Researchers from the Intelligent Manufacturing and Precision Machining Laboratory, Department of Mechanical Engineering, Tsinghua University, have proposed a new algorithm structure called FIP (Fast Inertial Poser) based on six inertial sensors, which brings a new approach for deployment on portable terminals. The method consists of two stages: joint position estimation and kinematic inverse solution. Compared to previous methods, the main reasons for the efficiency improvement of this method are: firstly, eliminating additional optimization designs; secondly, based on the "minimum measurement principle," enhancing the expression ability of the neural network structure by considering human shape parameters (height, leg length, single arm length, and sex), using kinematic inverse solvers and a shared model of different sensors; thirdly, removing the bidirectional propagation mechanism of RNNs. In the position estimation stage, FIP uses three independent recurrent neural networks (RNNs) to estimate the positions of leaf nodes and the rest of the nodes. To make the model inference process closer to the real physical process, FIP uses a sensor-shared integration RNN to estimate the positions of leaf nodes. In addition, for each RNN, human parameter information is input into the algorithm network through embedding.

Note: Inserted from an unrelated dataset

(* Let $\alpha,\beta>0$, let $c(\psi)=\sqrt{\alpha\cos^2\psi+\beta\sin^2\psi}$, let $p\ge0$ be an integer, let $C>0$ and $\theta\ge1/2$, and let $X_{\Delta x}^p(\Omega)$ be the discontinuous piecewise polynomial space on the periodic mesh described in the context. Suppose $v,w,\psi:[0,T]\to X_{\Delta x}^p(\Omega)$ are differentiable in time and, for every $t\in[0,T]$, satisfy (with $c=c(\psi(x,t))$ inside integrals, $x$-derivatives taken cellwise, sums over $j=1,\dots,N$) $$\sum_j\int_{\Omega_j}v_t\phi\,dx+\sum_j\int_{\Omega_j}c\,w\phi_x\,dx-\sum_j\Big(\overline{c}_{j+1/2}\overline{w}_{j+1/2}+\tfrac12 s_{j+1/2}\llbracket v\rrbracket_{j+1/2}\Big)\phi^-_{j+1/2}+\sum_j\Big(\overline{c}_{j-1/2}\overline{w}_{j-1/2}+\tfrac12 s_{j-1/2}\llbracket v\rrbracket_{j-1/2}\Big)\phi^+_{j-1/2}$$ $$=\sum_j\int_{\Omega_j}c\,(w\phi)_x\,dx-\sum_j\overline{c}_{j+1/2}w^-_{j+1/2}\phi^-_{j+1/2}+\sum_j\overline{c}_{j-1/2}w^+_{j-1/2}\phi^+_{j-1/2}-\sum_j\varepsilon_j\int_{\Omega_j}v_x\phi_x\,dx$$ for all $\phi\in X_{\Delta x}^p(\Omega)$, $$\sum_j\int_{\Omega_j}w_t\eta\,dx+\sum_j\int_{\Omega_j}c\,v\eta_x\,dx-\sum_j\Big(\overline{c}_{j+1/2}\overline{v}_{j+1/2}+\tfrac12 s_{j+1/2}\llbracket w\rrbracket_{j+1/2}\Big)\eta^-_{j+1/2}+\sum_j\Big(\overline{c}_{j-1/2}\overline{v}_{j-1/2}+\tfrac12 s_{j-1/2}\llbracket w\rrbracket_{j-1/2}\Big)\eta^+_{j-1/2}=-\sum_j\varepsilon_j\int_{\Omega_j}w_x\eta_x\,dx$$ for all $\eta\in X_{\Delta x}^p(\Omega)$, and $\sum_j\int_{\Omega_j}\psi_t\zeta\,dx=\sum_j\int_{\Omega_j}v\zeta\,dx$ for all $\zeta\in X_{\Delta x}^p(\Omega)$. Here $s_{j+1/2}=\max\{c^-_{j+1/2},c^+_{j+1/2}\}$ and $$\varepsilon_j=\frac{\Delta x_j\,C\,\big(\int_{\Omega_j}\mathrm{Res}^2\,dx\big)^{1/2}}{\big(\int_{\Omega_j}(v_x^2+w_x^2)\,dx\big)^{1/2}+\Delta x_j^\theta},\qquad \mathrm{Res}=(v^2+w^2)_t-\big(2c(\psi)vw\big)_x.$$ Then $$\frac{d}{dt}\left(\sum_{j=1}^N\int_{\Omega_j}\frac{v^2+w^2}{2}\,dx\right)\le 0.$$
   Context: The domain $\Omega$ is partitioned into cells $\Omega_j=[x_{j-1/2},x_{j+1/2}]$, $j=1,\dots,N$, with $\Delta x_j=x_{j+1/2}-x_{j-1/2}$. $X_{\Delta x}^p(\Omega)=\{u\in L^2(\Omega): u|_{\Omega_j}$ is a polynomial of degree $\le p$ for each $j\}$. For a grid function $u$, $u^+_{j+1/2}$ and $u^-_{j+1/2}$ denote its traces at $x_{j+1/2}$ from the right and left respectively; $\overline{u}_{j+1/2}=(u^+_{j+1/2}+u^-_{j+1/2})/2$ and $\llbracket u\rrbracket_{j+1/2}=u^+_{j+1/2}-u^-_{j+1/2}$. Also $c^\pm_{j+1/2}=c(\psi^\pm_{j+1/2})$ and $\overline{c}_{j+1/2}=(c^+_{j+1/2}+c^-_{j+1/2})/2$. Periodic boundary conditions: the endpoints $x_{1/2}$ and $x_{N+1/2}$ are identified, i.e. $u^-_{1/2}:=u^-_{N+1/2}$ (trace from cell $N$) and $u^+_{N+1/2}:=u^+_{1/2}$ (trace from cell $1$), for all grid functions including $\psi$ and the test functions. *)

theory Defs
  imports "HOL-Analysis.Analysis" "HOL-Computational_Algebra.Polynomial"
begin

Figure 1. Illustration of FIP



The specific network design is illustrated in Figure 2, where the main sub-modules used are the unidirectional recurrent neural network (RNN) and the multi-layer perceptron (MLP). By inputting the human skeleton information into different modules to form human shape-related constraints, a special inverse kinematics solver based on the human kinematic tree is designed to help the model solve the rotation of joints in the current frame.


In experiments based on open-source datasets, FIP demonstrates reduced motion reconstruction latency and computation time while ensuring reconstruction accuracy. The computational time on a PC is only 2.7ms per frame, and it can run stably with a latency of 15ms and a frame rate of 65 FPS on the Nvidia NX2TX embedded computer. This provides a novel approach for real-time human motion reconstruction on mobile terminals.




Figure 2. Pipeline of FIP



This work was published in the journal "Nature Communications" on March 18, 2024 with the title "Fast Human Motion Reconstruction from Sparse Inertial Measurement Units Considering the Human Shape". The first author is Xiao Xuan, a master's graduate from the Department of Mechanical Engineering at Tsinghua University. The corresponding author is professor Zhang Jianfu, from the Department of Mechanical Engineering. Gong Ao, an undergraduate graduate from the Department of Mechanical Engineering, along with Professor Feng Pingfa, Associate Professor Wang Jianjian, and Assistant Researcher Zhang Xiangyu, all from the Department of Mechanical Engineering, participated in the research work. The research was funded by the Guoqiang Research Institute, Tsinghua University.